[TASK BRIEF]:
Once you find the line in the listing below that contains "using integral_exp_sqrt_rescale[OF c", copy it and every following line exactly, stopping at the end.

[SUPPLIED RECORDS]:
(* Let $\Gamma$ be a $\mathbb{Z}^d$-periodic graph with fundamental domain $W$, identified with $[n]$. The generic dispersion polynomial $\Phi(z,\lambda,e,V)=\det M(z,\lambda,e,V)$, where $M(z,\lambda,e,V)=\lambda I_n-H(z,e,V)$, is cancellation-free.
   Context: A $\mathbb{Z}^d$-periodic graph $\Gamma$ is a simple undirected graph with bounded vertex degrees and a free action of $\mathbb{Z}^d$ by automorphisms, $(\alpha,v)\mapsto\alpha+v$, with finitely many orbits of vertices and edges; $W$ contains one vertex from each vertex orbit. The generic Floquet matrix $H(z,e,V)$ is the $W\times W$ matrix with $(v,u)$ entry $\delta_{v,u}V(v)-\sum_{\alpha\in\mathbb{Z}^d:\ v\sim\alpha+u}e_{(v,\alpha+u)}z^\alpha$, where the edge weights $e$ (one indeterminate per $\mathbb{Z}^d$-orbit of edges, $e_{(u,v)}=e_{(v,u)}$) and potentials $V(v)$ (one indeterminate per $v\in W$) are independent indeterminates, and $z^\alpha=z_1^{\alpha_1}\cdots z_d^{\alpha_d}$. For an $n\times n$ matrix $M=(f_{i,j})$ of (Laurent) polynomials, $\det M=\sum_{w\in S_n}\mathrm{sgn}(w)M_w$ with $M_w=f_{1,w(1)}\cdots f_{n,w(n)}$; $\det M$ is cancellation-free if for every $w\in S_n$ with $M_w\neq 0$, every monomial occurring in $M_w$ occurs in $\det M$ (i.e. the support of $M_w$ is contained in the support of $\det M$). Here monomials are in all the variables $z,\lambda,e,V$. *)

theory Defs
  imports Main "HOL-Library.Poly_Mapping" "HOL-Combinatorics.Permutations"
begin

text \<open>Indeterminates: z_k (k ranging over the finite index type 'd, so d = CARD('d)),
  lambda, one edge weight per Z^d-orbit of (undirected) edges, one potential per vertex of W = [n].
  An edge orbit is represented by the set of its two directed representatives
  starting in the fundamental domain: the edge {(0,i),(alpha,j)} is represented by
  {(i,j,alpha),(j,i,-alpha)}.\<close>
datatype 'd var = Zv 'd | Lam | Ev "(nat \<times> nat \<times> ('d \<Rightarrow> int)) set" | Vv nat

text \<open>Laurent polynomials with integer coefficients in the above indeterminates:
  a monomial is a finitely supported exponent map var => int.\<close>
type_synonym 'd lpoly = "('d var \<Rightarrow>\<^sub>0 int) \<Rightarrow>\<^sub>0 int"
(* Let $n\geq 2$ be an integer. The annihilating-ideal graph $\mathbb{AG}(\mathbb{Z}_n)$ is perfect if and only if $n$ is of one of the forms $p_1^{\alpha_1}$, $p_1^{\alpha_1}p_2^{\alpha_2}$, $p_1^{\alpha_1}p_2p_3$, or $p_1p_2p_3p_4$, where $p_1,p_2,p_3,p_4$ are distinct primes and $\alpha_1,\alpha_2\in\mathbb{N}=\{1,2,3,\dots\}$.
   Context: For a commutative ring $R$ with unity, the annihilating-ideal graph $\mathbb{AG}(R)$ is the simple graph whose vertex set is the set of all non-zero ideals $I$ of $R$ with non-zero annihilator (i.e. there is a non-zero ideal $J$ with $IJ=0$), and two distinct vertices $I,J$ are adjacent if and only if $IJ=0$. A graph $G$ is perfect if $\omega(H)=\chi(H)$ (clique number equals chromatic number) for every induced subgraph $H$ of $G$. *)

theory Defs
  imports "HOL-Algebra.Ideal_Product" "HOL-Number_Theory.Residues"
begin

definition is_clique :: "'a set \<Rightarrow> ('a \<Rightarrow> 'a \<Rightarrow> bool) \<Rightarrow> 'a set \<Rightarrow> bool" where
  "is_clique V E C \<longleftrightarrow> C \<subseteq> V \<and> (\<forall>x\<in>C. \<forall>y\<in>C. x \<noteq> y \<longrightarrow> E x y)"

definition clique_number :: "'a set \<Rightarrow> ('a \<Rightarrow> 'a \<Rightarrow> bool) \<Rightarrow> nat" where
  "clique_number V E = Sup {card C | C. is_clique V E C \<and> finite C}"

definition proper_colouring :: "'a set \<Rightarrow> ('a \<Rightarrow> 'a \<Rightarrow> bool) \<Rightarrow> nat \<Rightarrow> ('a \<Rightarrow> nat) \<Rightarrow> bool" where
  "proper_colouring V E k f \<longleftrightarrow> f ` V \<subseteq> {..<k} \<and>
     (\<forall>x\<in>V. \<forall>y\<in>V. x \<noteq> y \<longrightarrow> E x y \<longrightarrow> f x \<noteq> f y)"

definition chromatic_number :: "'a set \<Rightarrow> ('a \<Rightarrow> 'a \<Rightarrow> bool) \<Rightarrow> nat" where
  "chromatic_number V E = (LEAST k. \<exists>f. proper_colouring V E k f)"

text \<open>Induced subgraph on S: vertex set S with E restricted to S (the notions above
  only look at edges between vertices of the given vertex set).\<close>
definition perfect_graph :: "'a set \<Rightarrow> ('a \<Rightarrow> 'a \<Rightarrow> bool) \<Rightarrow> bool" where
  "perfect_graph V E \<longleftrightarrow> (\<forall>S\<subseteq>V. clique_number S E = chromatic_number S E)"

definition ag_vertices :: "('a, 'b) ring_scheme \<Rightarrow> 'a set set" where
  "ag_vertices R = {I. ideal I R \<and> I \<noteq> {\<zero>\<^bsub>R\<^esub>} \<and>
      (\<exists>J. ideal J R \<and> J \<noteq> {\<zero>\<^bsub>R\<^esub>} \<and> ideal_prod R I J = {\<zero>\<^bsub>R\<^esub>})}"

definition ag_adj :: "('a, 'b) ring_scheme \<Rightarrow> 'a set \<Rightarrow> 'a set \<Rightarrow> bool" where
  "ag_adj R I J \<longleftrightarrow> I \<noteq> J \<and> ideal_prod R I J = {\<zero>\<^bsub>R\<^esub>}"

end

theory Submission
  imports Defs
begin

(* The ideals of Z_n are the sets d Z_n for the divisors d of n, and d Z_n * d' Z_n = 0 iff n divides
   d d'. Hence AG(Z_n) is isomorphic to the graph on the divisors 1 < d < n in which d ~ d' iff n | d d',
   i.e. iff for every prime p the exponents of p in d and d' add up to at least its exponent in n.
   For the four listed shapes of n this condition is simple enough that every nonempty induced subgraph
   has a simplicial vertex or a vertex whose neighbourhood lies in that of a non-adjacent vertex;
   removing such vertices one at a time colours every induced subgraph with as many colours as its
   clique number. For every other n, five suitable divisors induce a 5-cycle, whose clique number is 2
   but whose chromatic number is 3. *)

section \<open>Cliques, colourings and vertex elimination\<close>

lemma finite_clique: "finite S \<Longrightarrow> is_clique S E C \<Longrightarrow> finite C"
  unfolding is_clique_def using finite_subset by blast

lemma clique_number_eq_Max:
  assumes "finite S"
  shows "clique_number S E = Max {card C | C. is_clique S E C \<and> finite C}"
    and "finite {card C | C. is_clique S E C \<and> finite C}"
    and "{card C | C. is_clique S E C \<and> finite C} \<noteq> {}"
proof -
  show fin: "finite {card C | C. is_clique S E C \<and> finite C}"
    by (rule finite_subset[of _ "{..card S}"])
      (use assms in \<open>auto simp: is_clique_def intro: card_mono\<close>)
  show ne: "{card C | C. is_clique S E C \<and> finite C} \<noteq> {}"
    using is_clique_def by fastforce
  show "clique_number S E = Max {card C | C. is_clique S E C \<and> finite C}"
    unfolding clique_number_def using cSup_eq_Max[OF fin ne] .
qed

lemma card_le_clique_number:
  assumes "finite S" "is_clique S E C"
  shows "card C \<le> clique_number S E"
proof -
  have "card C \<in> {card C | C. is_clique S E C \<and> finite C}"
    using assms finite_clique by blast
  then show ?thesis
    using clique_number_eq_Max[OF assms(1), of E] by simp
qed

lemma clique_number_attained:
  assumes "finite S"
  obtains C where "is_clique S E C" "card C = clique_number S E"
  using Max_in[OF clique_number_eq_Max(2,3)[OF assms, of E]] clique_number_eq_Max(1)[OF assms, of E] that
  by auto

lemma clique_number_mono:
  assumes "finite S" "S' \<subseteq> S"
  shows "clique_number S' E \<le> clique_number S E"
proof -
  obtain C where "is_clique S' E C" "card C = clique_number S' E"
    using clique_number_attained assms finite_subset by metis
  moreover have "is_clique S E C"
    using \<open>is_clique S' E C\<close> assms(2) unfolding is_clique_def by blast
  ultimately show ?thesis
    using card_le_clique_number[OF assms(1)] by metis
qed

lemma card_clique_le_colours:
  assumes "proper_colouring S E k f" "is_clique S E C"
  shows "card C \<le> k"
proof -
  have "inj_on f C" "f ` C \<subseteq> {..<k}"
    using assms unfolding inj_on_def proper_colouring_def is_clique_def by blast+
  then show ?thesis
    using card_inj_on_le[of f C "{..<k}"] by simp
qed

lemma proper_colouring_mono:
  "proper_colouring S E k f \<Longrightarrow> k \<le> k' \<Longrightarrow> proper_colouring S E k' f"
  unfolding proper_colouring_def by auto

lemma chromatic_number_le: "proper_colouring S E k f \<Longrightarrow> chromatic_number S E \<le> k"
  unfolding chromatic_number_def by (blast intro: Least_le)

lemma chromatic_number_colouring:
  assumes "finite S"
  obtains f where "proper_colouring S E (chromatic_number S E) f"
proof -
  obtain h where "bij_betw h S {0..<card S}"
    using ex_bij_betw_finite_nat[OF assms] by blast
  then have "proper_colouring S E (card S) h"
    unfolding proper_colouring_def bij_betw_def inj_on_def by auto
  then show ?thesis
    using that LeastI[of "\<lambda>k. \<exists>f. proper_colouring S E k f"] unfolding chromatic_number_def by blast
qed
(* Let $q$ be a prime power with $q-1=ds$, $d,s$ positive integers, let $r$ be an integer with $1\le r<s$, let $h(x)\in\mathbb{F}_q[x]$, let $\xi$ be a primitive element of $\mathbb{F}_q$ and $\omega=\xi^s$. If $f(x)=x^rh(x^s)$ is a permutation polynomial of $\mathbb{F}_q$, then its inverse over $\mathbb{F}_q$ is given by $$f^{-1}(x)=\frac1d\sum_{i=0}^{d-1}\sum_{j=0}^{d-1}\omega^{i(t-jr)}\left(\frac{x}{h(\omega^i)}\right)^{\tilde r+js},$$ where $\tilde r,t\in\mathbb{Z}$ satisfy $1\le\tilde r<s$ and $r\tilde r+st=1$.
   Context: A polynomial $f\in\mathbb{F}_q[x]$ is a permutation polynomial of $\mathbb{F}_q$ if it induces a bijection of $\mathbb{F}_q$. A polynomial $g$ is the inverse of $f$ over $\mathbb{F}_q$ if $g(f(c))=c$ for all $c\in\mathbb{F}_q$. Since $d\mid q-1$, $1/d$ makes sense in $\mathbb{F}_q$. *)

theory Defs
  imports "HOL-Computational_Algebra.Polynomial" "HOL-Library.Cardinality"
begin

text \<open>Finite fields F_q are modelled by a type of class field and finite; q = CARD('a).\<close>

definition primitive_element :: "'a::{field,finite} \<Rightarrow> bool" where
  "primitive_element \<xi> \<longleftrightarrow> \<xi> \<noteq> 0 \<and> (\<forall>y. y \<noteq> 0 \<longrightarrow> (\<exists>k::nat. y = \<xi> ^ k))"

definition permutation_polynomial :: "'a::{field,finite} poly \<Rightarrow> bool" where
  "permutation_polynomial f \<longleftrightarrow> bij (poly f)"

definition is_inverse_poly :: "'a::{field,finite} poly \<Rightarrow> 'a poly \<Rightarrow> bool" where
  "is_inverse_poly g f \<longleftrightarrow> (\<forall>c. poly g (poly f c) = c)"

end

theory Submission
  imports Defs "HOL-Number_Theory.Cong"
begin
(* Let $F:\mathcal{G}_{\Sigma,\Delta,\pi}\to\mathcal{G}_{\Sigma,\Delta,\pi}$ be a causal graph dynamics with a monotonic local rule $f$ of radius $r$ (so $F$ is monotonic), and assume that $\mathrm{Conj}_F(R)$ is a singleton $\{\overline{F}(R)\}$ for every renaming $R$. Then the assignment $\widetilde{f}:\mathbf{D}^r_{\Sigma,\Delta,\pi}\to\mathbf{G}_{\Sigma,\Delta,\pi}$ given on objects by $\widetilde{f}((H,\{c\}))=f((H,c))$ and $\widetilde{f}((\varnothing,\emptyset))=\varnothing$, and on a morphism $m:(H,C)\to(H',C')$ by the morphism $\widetilde{f}(m):\widetilde{f}((H,C))\to\widetilde{f}((H',C'))$ with $|\widetilde{f}(m)|=\overline{F}(|m|)$, is a well-defined functor.
   Context: Fix an uncountably infinite set $\mathcal{V}$, sets $\Sigma,\Delta$, finite $\pi$. Graphs: countable $V(G)\subset\mathcal{V}$, a set $E(G)$ of pairwise disjoint two-element subsets of $V(G)\times\pi$, partial labelings $\sigma(G),\delta(G)$; $\subseteq$ is componentwise inclusion. Renamings are bijections of $\mathcal{V}$ acting naturally on graphs and pointed graphs ($V(R(G))=R(V(G))$, edges $\{u\!:\!i,v\!:\!j\}\mapsto\{R(u)\!:\!i,R(v)\!:\!j\}$, labelings precomposed with $R^{-1}$, $R(G,v)=(R(G),R(v))$). $\mathrm{Conj}_F(R)$ is the set of renamings $R'$ with $F\circ R=R'\circ F$. Disk $G^r_c=(H,c)$: vertices at distance $\le r+1$ from $c$, edges of $G$ with an endpoint at distance $\le r$, vertex labels restricted to distance $\le r$, edge labels of kept edges; $\mathcal{D}^r$ the set of radius-$r$ disks, ordered by $(H,c)\subseteq(H',c')$ iff $H\subseteq H'$ and $c=c'$. A local rule of radius $r$ is $f:\mathcal{D}^r\to$ graphs with: each renaming $R$ has $R'$ with $f\circ R=R'\circ f$; families of disks with empty intersection have images with empty intersection; bounded $|V(f(D))|$; $f(G^r_u),f(G^r_v)$ consistent for all $G,u,v$. A CGD is $F(G)=\bigcup_{v\in V(G)}f(G^r_v)$. Category $\mathbf{G}_{\Sigma,\Delta,\pi}$: objects graphs, morphism $m:G\to H$ a renaming $|m|$ with $|m|(G)\subseteq H$, composition by composition of renamings. Category $\mathbf{D}^r_{\Sigma,\Delta,\pi}$: objects $(H,\{c\})$ for $(H,c)\in\mathcal{D}^r$ and $(\varnothing,\emptyset)$; morphisms $m:(H_1,C_1)\to(H_2,C_2)$ are morphisms $m:H_1\to H_2$ of $\mathbf{G}_{\Sigma,\Delta,\pi}$ with $|m|(C_1)\subseteq C_2$. *)

theory Defs
  imports Main "HOL-Library.Countable_Set"
begin
(* For all $\lambda>0$ and all $0<x<\pi/2$, \[ \left|\int_0^x \frac{e^{it\lambda}}{\cos t}\,dt-\frac{i}{\lambda}\right|<\frac{1}{\lambda}-M(\lambda)+M(\lambda\cos x). \]
   Context: For $t>0$, $M(t)=\int_0^\infty \frac{e^{-tu}}{\sqrt{u^2+1}}\,du$. *)

theory Defs
  imports "HOL-Analysis.Analysis"
begin

definition M :: "real \<Rightarrow> real" where
  "M t = (LINT u:{0..}|lborel. exp (- t * u) / sqrt (u\<^sup>2 + 1))"

end

theory Submission
  imports Defs "HOL-Complex_Analysis.Complex_Analysis" "HOL-Real_Asymp.Real_Asymp"
begin

(* Apply Cauchy's theorem to f = exp_sec lam, i.e. f(z) = e^{i lam z} / cos z, on the rectangle with
   corners 0, x, x + iR, iR, which lies in the strip |Re z| < pi/2 where cos has no zeros. The bottom
   side is the integral in question and the top side is O(e^{-lam R}). On the left side
   f(is) = e^{-lam s} / cosh s, and since |cos(x + is)|^2 = cos^2 x + sinh^2 s, the two vertical sides
   minus i/lam = i * int e^{-lam s} ds are bounded by the integral of e^{-lam s} w(sinh s), where
   w = side_weight (cos x), i.e. w(y) = 1 - 1/sqrt(1 + y^2) + 1/sqrt(cos^2 x + y^2). The weight w is
   strictly decreasing and sinh s > s for s > 0, so this is strictly less than the integral of
   e^{-lam s} w(s), which equals 1/lam - M(lam) + M(lam cos x) after substituting s = u cos x. *)

lemma sinh_ge_self: "0 \<le> s \<Longrightarrow> s \<le> sinh (s::real)"
  using real_le_x_sinh by (simp add: sinh_field_def exp_minus)

lemma sinh_gt_self:
  fixes s :: real
  assumes "0 < s"
  shows "s < sinh s"
proof -
  have "1 < cosh (s/2)"
    using assms cosh_real_ge_1[of "s/2"] cosh_real_one_iff[of "s/2"] by linarith
  hence "s/2 * 1 < sinh (s/2) * cosh (s/2)"
    using assms sinh_ge_self[of "s/2"] by (intro mult_le_less_imp_less) auto
  thus ?thesis
    using sinh_double[of "s/2"] by simp
qed

definition side_weight :: "real \<Rightarrow> real \<Rightarrow> real" where
  "side_weight c y = 1 - 1 / sqrt (1 + y\<^sup>2) + 1 / sqrt (c\<^sup>2 + y\<^sup>2)"

lemma inverse_sqrt_diff:
  fixes p q :: real
  assumes "0 < p" "0 < q"
  shows "1 / sqrt p - 1 / sqrt q = (q - p) / (sqrt p * sqrt q * (sqrt p + sqrt q))"
proof -
  have "q - p = (sqrt q - sqrt p) * (sqrt p + sqrt q)"
    using assms by (simp add: algebra_simps flip: power2_eq_square)
  moreover have "0 < sqrt p + sqrt q"
    using assms by (simp add: add_pos_pos)
  ultimately have "(q - p) / (sqrt p * sqrt q * (sqrt p + sqrt q)) = (sqrt q - sqrt p) / (sqrt p * sqrt q)"
    by simp
  also have "\<dots> = 1 / sqrt p - 1 / sqrt q"
    using assms by (simp add: field_simps)
  finally show ?thesis ..
qed

lemma side_weight_eq:
  assumes "c \<noteq> 0"
  shows "side_weight c y = 1 + (1 - c\<^sup>2) /
           (sqrt (c\<^sup>2 + y\<^sup>2) * sqrt (1 + y\<^sup>2) * (sqrt (c\<^sup>2 + y\<^sup>2) + sqrt (1 + y\<^sup>2)))"
  using inverse_sqrt_diff[of "c\<^sup>2 + y\<^sup>2" "1 + y\<^sup>2"] assms
  by (simp add: side_weight_def add_pos_nonneg)

lemma side_weight_strict_antimono:
  fixes c a b :: real
  assumes c: "0 < c" "c < 1" and ab: "0 \<le> a" "a < b"
  shows "side_weight c b < side_weight c a"
proof -
  define den where "den y = sqrt (c\<^sup>2 + y\<^sup>2) * sqrt (1 + y\<^sup>2) * (sqrt (c\<^sup>2 + y\<^sup>2) + sqrt (1 + y\<^sup>2))"
    for y :: real
  have "a\<^sup>2 < b\<^sup>2"
    using ab by (simp add: power_strict_mono)
  hence "den a < den b"
    unfolding den_def using c
    by (intro mult_strict_mono add_strict_mono) (auto simp: add_pos_nonneg)
  moreover have "0 < den a"
    unfolding den_def using c by (simp add: add_pos_nonneg)
  moreover have "0 < 1 - c\<^sup>2"
    using c by (simp add: power_less_one_iff)
  ultimately have "(1 - c\<^sup>2) / den b < (1 - c\<^sup>2) / den a"
    by (intro divide_strict_left_mono) auto
  thus ?thesis
    using c by (simp add: side_weight_eq den_def)
qed

lemma side_weight_antimono:
  fixes c a b :: real
  assumes "0 < c" "c < 1" "0 \<le> a" "a \<le> b"
  shows "side_weight c b \<le> side_weight c a"
  using side_weight_strict_antimono[of c a b] assms by (cases "a = b") auto

lemma continuous_on_side_weight [continuous_intros]:
  assumes "c \<noteq> 0" "continuous_on A f"
  shows "continuous_on A (\<lambda>x. side_weight c (f x))"
proof -
  have "1 + y\<^sup>2 \<noteq> 0" "c\<^sup>2 + y\<^sup>2 \<noteq> 0" for y :: real
    using assms(1) by (auto simp: add_nonneg_eq_0_iff)
  thus ?thesis
    unfolding side_weight_def using assms(2) by (intro continuous_intros) simp_all
qed

lemma set_integrable_M_integrand:
  fixes a :: real
  assumes "0 < a"
  shows "set_integrable lborel {0..} (\<lambda>u. exp (- a * u) / sqrt (u\<^sup>2 + 1))"
proof (rule set_integrable_bound)
  have "(\<lambda>u. exp (- a * u)) absolutely_integrable_on {0::real..}"
    using integrable_on_exp_minus_to_infinity[OF assms]
    by (intro nonnegative_absolutely_integrable_1) auto
  thus "set_integrable lborel {0::real..} (\<lambda>u. exp (- a * u))"
    unfolding set_integrable_def
    by (subst (asm) integrable_completion)
       (auto simp flip: set_borel_measurable_def intro!: borel_measurable_continuous_onI continuous_intros)
  show "set_borel_measurable lborel {0..} (\<lambda>u. exp (- a * u) / sqrt (u\<^sup>2 + 1))"
    unfolding set_borel_measurable_def by measurable
  have "exp (- a * u) / sqrt (u\<^sup>2 + 1) \<le> exp (- a * u) / 1" for u :: real
    by (intro divide_left_mono) (auto intro: add_nonneg_pos)
  thus "AE u in lborel. u \<in> {0..} \<longrightarrow> norm (exp (- a * u) / sqrt (u\<^sup>2 + 1)) \<le> norm (exp (- a * u))"
    by simp
qed

lemma tendsto_integral_M:
  fixes a :: real
  assumes "0 < a"
  shows "((\<lambda>R. integral {0..R} (\<lambda>u. exp (- a * u) / sqrt (u\<^sup>2 + 1))) \<longlongrightarrow> M a) at_top"
proof -
  note int = set_integrable_M_integrand[OF assms]
  have "(LINT u:{0..R}|lborel. exp (- a * u) / sqrt (u\<^sup>2 + 1))
          = integral {0..R} (\<lambda>u. exp (- a * u) / sqrt (u\<^sup>2 + 1))" for R
    by (rule set_borel_integral_eq_integral(2)[OF set_integrable_subset[OF int]]) auto
  moreover have "((\<lambda>R. LINT u:{0..R}|lborel. exp (- a * u) / sqrt (u\<^sup>2 + 1)) \<longlongrightarrow> M a) at_top"
    unfolding M_def by (rule tendsto_set_lebesgue_integral_at_top[OF _ int]) simp
  ultimately show ?thesis
    by simp
qed

lemma integral_exp_sqrt_rescale:
  fixes lam c R :: real
  assumes "0 < c" "0 \<le> R"
  shows "integral {0..R} (\<lambda>s. exp (- lam * s) / sqrt (c\<^sup>2 + s\<^sup>2))
           = integral {0..R/c} (\<lambda>u. exp (- (lam * c) * u) / sqrt (u\<^sup>2 + 1))"
proof -
  have "c\<^sup>2 + u\<^sup>2 \<noteq> 0" for u :: real
    using assms(1) by (auto simp: add_nonneg_eq_0_iff)
  hence cont: "continuous_on {0..R} (\<lambda>s. exp (- lam * s) / sqrt (c\<^sup>2 + s\<^sup>2))"
    by (intro continuous_intros) simp_all
  have sqrt_eq: "sqrt (c\<^sup>2 + (c * u)\<^sup>2) = c * sqrt (u\<^sup>2 + 1)" for u
  proof -
    have "c\<^sup>2 + (c * u)\<^sup>2 = c\<^sup>2 * (u\<^sup>2 + 1)"
      by (simp add: algebra_simps power_mult_distrib)
    thus ?thesis
      using assms(1) by (simp add: real_sqrt_mult)
  qed
  have "c *\<^sub>R (exp (- lam * (c * u)) / sqrt (c\<^sup>2 + (c * u)\<^sup>2))
           = exp (- (lam * c) * u) / sqrt (u\<^sup>2 + 1)" for u
    using assms(1) by (simp only: sqrt_eq real_scaleR_def) (simp add: field_simps)
  moreover have "((\<lambda>u. c *\<^sub>R (exp (- lam * (c * u)) / sqrt (c\<^sup>2 + (c * u)\<^sup>2)))
           has_integral integral {c * 0..c * (R / c)} (\<lambda>s. exp (- lam * s) / sqrt (c\<^sup>2 + s\<^sup>2))) {0..R/c}"
    using assms cont
    by (intro has_integral_substitution[where c=0 and d=R])
       (auto intro!: derivative_eq_intros simp: field_simps)
  ultimately show ?thesis
    using assms(1) by (simp add: integral_unique)
qed

lemma has_integral_exp_neg:
  fixes lam R :: real
  assumes "lam \<noteq> 0" "0 \<le> R"
  shows "((\<lambda>s. exp (- lam * s)) has_integral (1 - exp (- lam * R)) / lam) {0..R}"
proof -
  have "((\<lambda>s. exp (- lam * s)) has_integral (- exp (- lam * R) / lam - (- exp (- lam * 0) / lam))) {0..R}"
    using assms
    by (intro fundamental_theorem_of_calculus)
       (auto intro!: derivative_eq_intros simp flip: has_real_derivative_iff_has_vector_derivative)
  thus ?thesis
    by (simp add: diff_divide_distrib)
qed

lemma integral_exp_side_weight:
  fixes lam c R :: real
  assumes lam: "lam \<noteq> 0" and c: "0 < c" and R: "0 \<le> R"
  shows "integral {0..R} (\<lambda>s. exp (- lam * s) * side_weight c s)
           = (1 - exp (- lam * R)) / lam - integral {0..R} (\<lambda>s. exp (- lam * s) / sqrt (s\<^sup>2 + 1))
             + integral {0..R/c} (\<lambda>u. exp (- (lam * c) * u) / sqrt (u\<^sup>2 + 1))"
proof -
  define P where "P = (\<lambda>s::real. exp (- lam * s) / sqrt (s\<^sup>2 + 1))"
  define Q where "Q = (\<lambda>s::real. exp (- lam * s) / sqrt (c\<^sup>2 + s\<^sup>2))"
  have "u\<^sup>2 + 1 \<noteq> 0" "c\<^sup>2 + u\<^sup>2 \<noteq> 0" for u :: real
    using c by (auto simp: add_nonneg_eq_0_iff)
  hence "P integrable_on {0..R}" "Q integrable_on {0..R}"
    unfolding P_def Q_def by (auto intro!: integrable_continuous_interval continuous_intros)
  hence "((\<lambda>s. exp (- lam * s) - P s + Q s) has_integral
           (1 - exp (- lam * R)) / lam - integral {0..R} P + integral {0..R} Q) {0..R}"
    using lam R by (intro has_integral_add has_integral_diff has_integral_exp_neg) auto
  moreover have "exp (- lam * s) * side_weight c s = exp (- lam * s) - P s + Q s" for s
    by (simp add: side_weight_def P_def Q_def algebra_simps add.commute)
  ultimately show ?thesis
    using integral_exp_sqrt_rescale[OF c R, of lam] by (simp add: P_def Q_def integral_unique)
qed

[EXERCISE ANSWER]:
    using integral_exp_sqrt_rescale[OF c R, of lam] by (simp add: P_def Q_def integral_unique)
qed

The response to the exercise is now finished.